TASK DETAILS: From the records below, print exactly the lines starting at the one containing "by (simp add: coprime_iff_gcd_eq_1" and ending at the one containing "fix k assume", ends included, and nothing else.

------------------------------------------------

(* Let $N$ be an odd natural number and let $b_1,\dots,b_N$ be integers such that $b_1,b_3,b_5,\dots,b_N$ (the entries with odd index) are all even. Suppose $p,q$ are relatively prime integers with $q\neq 0$ and $p/q=[b_1,b_2,\dots,b_N]$, where $$[b_1,b_2,\dots,b_N]=b_1-\cfrac{1}{b_2-\cfrac{1}{b_3-\cdots-\cfrac{1}{b_N}}}$$ (all intermediate denominators being nonzero). Then $$p\equiv(-1)^{\frac{N-1}{2}}(b_1+b_3+\cdots+b_N)\pmod 4.$$ *)

theory Defs
  imports "HOL-Number_Theory.Number_Theory"
begin

text \<open>Negative (minus) continued fraction [b1,...,bN] = b1 - 1/(b2 - 1/(... - 1/bN)).
  The list [b1,...,bN] is represented 0-based.\<close>
fun ncf :: "int list \<Rightarrow> rat" where
  "ncf [] = 0"
| "ncf [b] = of_int b"
| "ncf (b # c # cs) = of_int b - 1 / ncf (c # cs)"

end

theory Submission
  imports Defs
begin

text \<open>Writing the continued fraction as K(b1..bN) / K(b2..bN) with the minus continuant K, this
  quotient is already in lowest terms, so p = \<plusminus>K(b1..bN). The recursion
  K(b # c # cs) = b K(c # cs) - K(cs) then carries the congruence modulo 4 from cs to b # c # cs:
  under the parity hypothesis K of an odd-length list is even and K of its tail is odd, so
  b K(c # cs) \<equiv> b and the sign flips. The sign of p is irrelevant modulo 4 because the
  even-position sum is even.\<close>

lemma all_even_positions_Cons_Cons:
  "(\<forall>i < length (x # y # zs). even i \<longrightarrow> P ((x # y # zs) ! i))
     \<longleftrightarrow> P x \<and> (\<forall>i < length zs. even i \<longrightarrow> P (zs ! i))"
  by (simp add: All_less_Suc2)

lemma sum_even_positions_Cons_Cons:
  fixes x y :: "'a::comm_monoid_add"
  shows "(\<Sum>i\<in>{i. i < length (x # y # zs) \<and> even i}. (x # y # zs) ! i)
       = x + (\<Sum>i\<in>{i. i < length zs \<and> even i}. zs ! i)"
proof -
  have positions: "{i. i < length (x # y # zs) \<and> even i}
      = insert 0 ((Suc \<circ> Suc) ` {i. i < length zs \<and> even i})"
    by (auto simp: image_iff less_Suc_eq_0_disj)
  have "(\<Sum>i\<in>insert 0 ((Suc \<circ> Suc) ` {i. i < length zs \<and> even i}). (x # y # zs) ! i)
      = x + (\<Sum>i\<in>{i. i < length zs \<and> even i}. zs ! i)"
    by (subst sum.insert) (auto simp: sum.reindex inj_on_def)
  then show ?thesis unfolding positions .
qed

lemma even_sum_even_positions:
  assumes "\<forall>i < length xs. even i \<longrightarrow> even (xs ! i)"
  shows "even (\<Sum>i\<in>{i. i < length xs \<and> even i}. xs ! i :: int)"
  using assms by (intro dvd_sum) auto

lemma coprime_frac_eq_imp_eq_or_eq_neg:
  fixes p q P Q :: int
  assumes "coprime p q" and "coprime P Q" and "q \<noteq> 0" and "Q \<noteq> 0"
    and "(of_int p / of_int q :: 'a::field_char_0) = of_int P / of_int Q"
  shows "p = P \<or> p = -P"
proof -
  from assms(3-5) have "of_int (p * Q) = (of_int (P * q) :: 'a)"
    by (simp add: field_simps)
  then have eq: "p * Q = P * q" by (simp only: of_int_eq_iff)
  then have "p dvd P * q" and "P dvd p * Q" by (metis dvd_triv_left)+
  with assms(1,2) have "p dvd P" and "P dvd p" by (simp_all add: coprime_dvd_mult_left_iff)
  then have "\<bar>p\<bar> = \<bar>P\<bar>" by (rule zdvd_antisym_abs)
  then show ?thesis by (simp add: abs_eq_iff)
qed

lemma cong_mod4_neg_if_even:
  fixes x y :: int
  assumes "[x = y] (mod 4)" and "even y"
  shows "[-x = y] (mod 4)"
proof -
  obtain m where "x - y = 4 * m" using assms(1) by (auto simp: cong_iff_dvd_diff)
  moreover obtain y' where "y = 2 * y'" using assms(2) by blast
  ultimately have "-x - y = 4 * (- m - y')" by (simp add: algebra_simps)
  then show ?thesis by (simp add: cong_iff_dvd_diff)
qed

lemma cong_mod4_continuant_step:
  fixes b k K s E :: int
  assumes "even b" and "odd k" and "[K = s * E] (mod 4)" and "s = 1 \<or> s = -1"
  shows "[b * k - K = -s * (b + E)] (mod 4)"
proof -
  obtain b' k' where b: "b = 2 * b'" and k: "k = 2 * k' + 1"
    using assms(1,2) by (auto elim!: evenE oddE)
  obtain m where "K - s * E = 4 * m"
    using assms(3) by (auto simp: cong_iff_dvd_diff)
  then have "b * k - K - (-s * (b + E)) = 4 * (b' * k' + b' * ((1 + s) div 2) - m)"
    using assms(4) by (auto simp: b k algebra_simps)
  then show ?thesis by (simp add: cong_iff_dvd_diff)
qed

fun continuant :: "int list \<Rightarrow> int" where
  "continuant [] = 1"
| "continuant [b] = b"
| "continuant (b # c # cs) = b * continuant (c # cs) - continuant cs"

lemma coprime_continuant_tl: "coprime (continuant xs) (continuant (tl xs))"
proof (induction xs rule: continuant.induct)
  case (3 b c cs)
  then have "coprime (continuant (c # cs)) (continuant cs)" by simp
  then show ?case
    using gcd_add_mult[of "continuant (c # cs)" b "- continuant cs"]
    by (simp add: coprime_iff_gcd_eq_1 gcd.commute)
qed simp_all

lemma ncf_eq_continuant:
  assumes "xs \<noteq> []" and "\<forall>k \<in> {1..<length xs}. ncf (drop k xs) \<noteq> 0"
  shows "continuant (tl xs) \<noteq> 0 \<and> ncf xs = of_int (continuant xs) / of_int (continuant (tl xs))"
  using assms
proof (induction xs rule: continuant.induct)
  case (3 b c cs)
  have "\<forall>k \<in> {1..<length (c # cs)}. ncf (drop k (c # cs)) \<noteq> 0"
  proof
    fix k assume "k \<in> {1..<length (c # cs)}"
    then have "Suc k \<in> {1..<length (b # c # cs)}" by simp
    with "3.prems"(2) show "ncf (drop k (c # cs)) \<noteq> 0" by fastforce
  qed
  with "3.IH" have IH: "continuant cs \<noteq> 0"
    "ncf (c # cs) = of_int (continuant (c # cs)) / of_int (continuant cs)"
    by auto
  from "3.prems"(2) have "ncf (drop 1 (b # c # cs)) \<noteq> 0" by force
  with IH have "continuant (c # cs) \<noteq> 0" by simp
  moreover have "ncf (b # c # cs) = of_int b - of_int (continuant cs) / of_int (continuant (c # cs))"
    using IH(2) by simp
  ultimately show ?case by (simp add: field_simps)
qed simp_all

lemma continuant_parity:
  assumes "odd (length xs)" and "\<forall>i < length xs. even i \<longrightarrow> even (xs ! i)"
  shows "even (continuant xs) \<and> odd (continuant (tl xs))"
  using assms
proof (induction xs rule: continuant.induct)
  case (3 b c cs)
  then obtain d ds where cs: "cs = d # ds" by (cases cs) auto
  from "3.prems"(2) have "even b" and "\<forall>i < length cs. even i \<longrightarrow> even (cs ! i)"
    unfolding all_even_positions_Cons_Cons by simp_all
  with "3.IH" "3.prems"(1) show ?case by (simp add: cs)
qed simp_all

lemma continuant_cong_mod4:
  assumes "odd (length xs)" and "\<forall>i < length xs. even i \<longrightarrow> even (xs ! i)"
  shows "[continuant xs = (-1) ^ ((length xs - 1) div 2) * (\<Sum>i\<in>{i. i < length xs \<and> even i}. xs ! i)] (mod 4)"
  using assms
proof (induction xs rule: continuant.induct)
  case (3 b c cs)
  let ?s = "(-1::int) ^ ((length cs - 1) div 2)"
  from "3.prems"(2) have "even b" and even_cs: "\<forall>i < length cs. even i \<longrightarrow> even (cs ! i)"
    unfolding all_even_positions_Cons_Cons by simp_all
  have "odd (length cs)" using "3.prems"(1) by simp
  then have len: "(length (b # c # cs) - 1) div 2 = Suc ((length cs - 1) div 2)"
    by (auto elim: oddE)
  have "[b * continuant (c # cs) - continuant cs
        = -?s * (b + (\<Sum>i\<in>{i. i < length cs \<and> even i}. cs ! i))] (mod 4)"
  proof (rule cong_mod4_continuant_step)
    show "even b" by fact
    show "odd (continuant (c # cs))" using continuant_parity[OF "3.prems"] by simp
    show "[continuant cs = ?s * (\<Sum>i\<in>{i. i < length cs \<and> even i}. cs ! i)] (mod 4)"
      using "3.IH" \<open>odd (length cs)\<close> even_cs by blast
    show "?s = 1 \<or> ?s = -1" by (simp add: minus_one_power_iff)
  qed
  then show ?case
    unfolding continuant.simps sum_even_positions_Cons_Cons len power_Suc by simp
next
  case (2 b)
  have "{i. i < length [b] \<and> even i} = {0}" by auto
  then show ?case by simp
qed simp

theorem lemma7:
  fixes bs :: "int list" and p q :: int
  assumes "odd (length bs)"
    and "\<forall>i < length bs. even i \<longrightarrow> even (bs ! i)"
    and "\<forall>k \<in> {1..<length bs}. ncf (drop k bs) \<noteq> 0"
    and "coprime p q" and "q \<noteq> 0"
    and "of_int p / of_int q = ncf bs"
  shows "[p = (-1) ^ ((length bs - 1) div 2) * (\<Sum>i\<in>{i. i < length bs \<and> even i}. bs ! i)] (mod 4)"
proof -
  let ?E = "(\<Sum>i\<in>{i. i < length bs \<and> even i}. bs ! i)"
  have "bs \<noteq> []" using assms(1) by auto
  with assms(3) have "continuant (tl bs) \<noteq> 0"
    and "ncf bs = of_int (continuant bs) / of_int (continuant (tl bs))"
    using ncf_eq_continuant by blast+
  with assms(4-6) coprime_continuant_tl have "p = continuant bs \<or> p = - continuant bs"
    by (metis coprime_frac_eq_imp_eq_or_eq_neg)
  moreover have "[continuant bs = (-1) ^ ((length bs - 1) div 2) * ?E] (mod 4)"
    using continuant_cong_mod4 assms(1,2) by blast
  moreover have "even ((-1) ^ ((length bs - 1) div 2) * ?E)"
    using even_sum_even_positions assms(2) by simp
  ultimately show ?thesis using cong_mod4_neg_if_even by blast
qed

end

------------------------------------------------

RESPONSE TO THE EXERCISE:
    by (simp add: coprime_iff_gcd_eq_1 gcd.commute)
qed simp_all

lemma ncf_eq_continuant:
  assumes "xs \<noteq> []" and "\<forall>k \<in> {1..<length xs}. ncf (drop k xs) \<noteq> 0"
  shows "continuant (tl xs) \<noteq> 0 \<and> ncf xs = of_int (continuant xs) / of_int (continuant (tl xs))"
  using assms
proof (induction xs rule: continuant.induct)
  case (3 b c cs)
  have "\<forall>k \<in> {1..<length (c # cs)}. ncf (drop k (c # cs)) \<noteq> 0"
  proof
    fix k assume "k \<in> {1..<length (c # cs)}"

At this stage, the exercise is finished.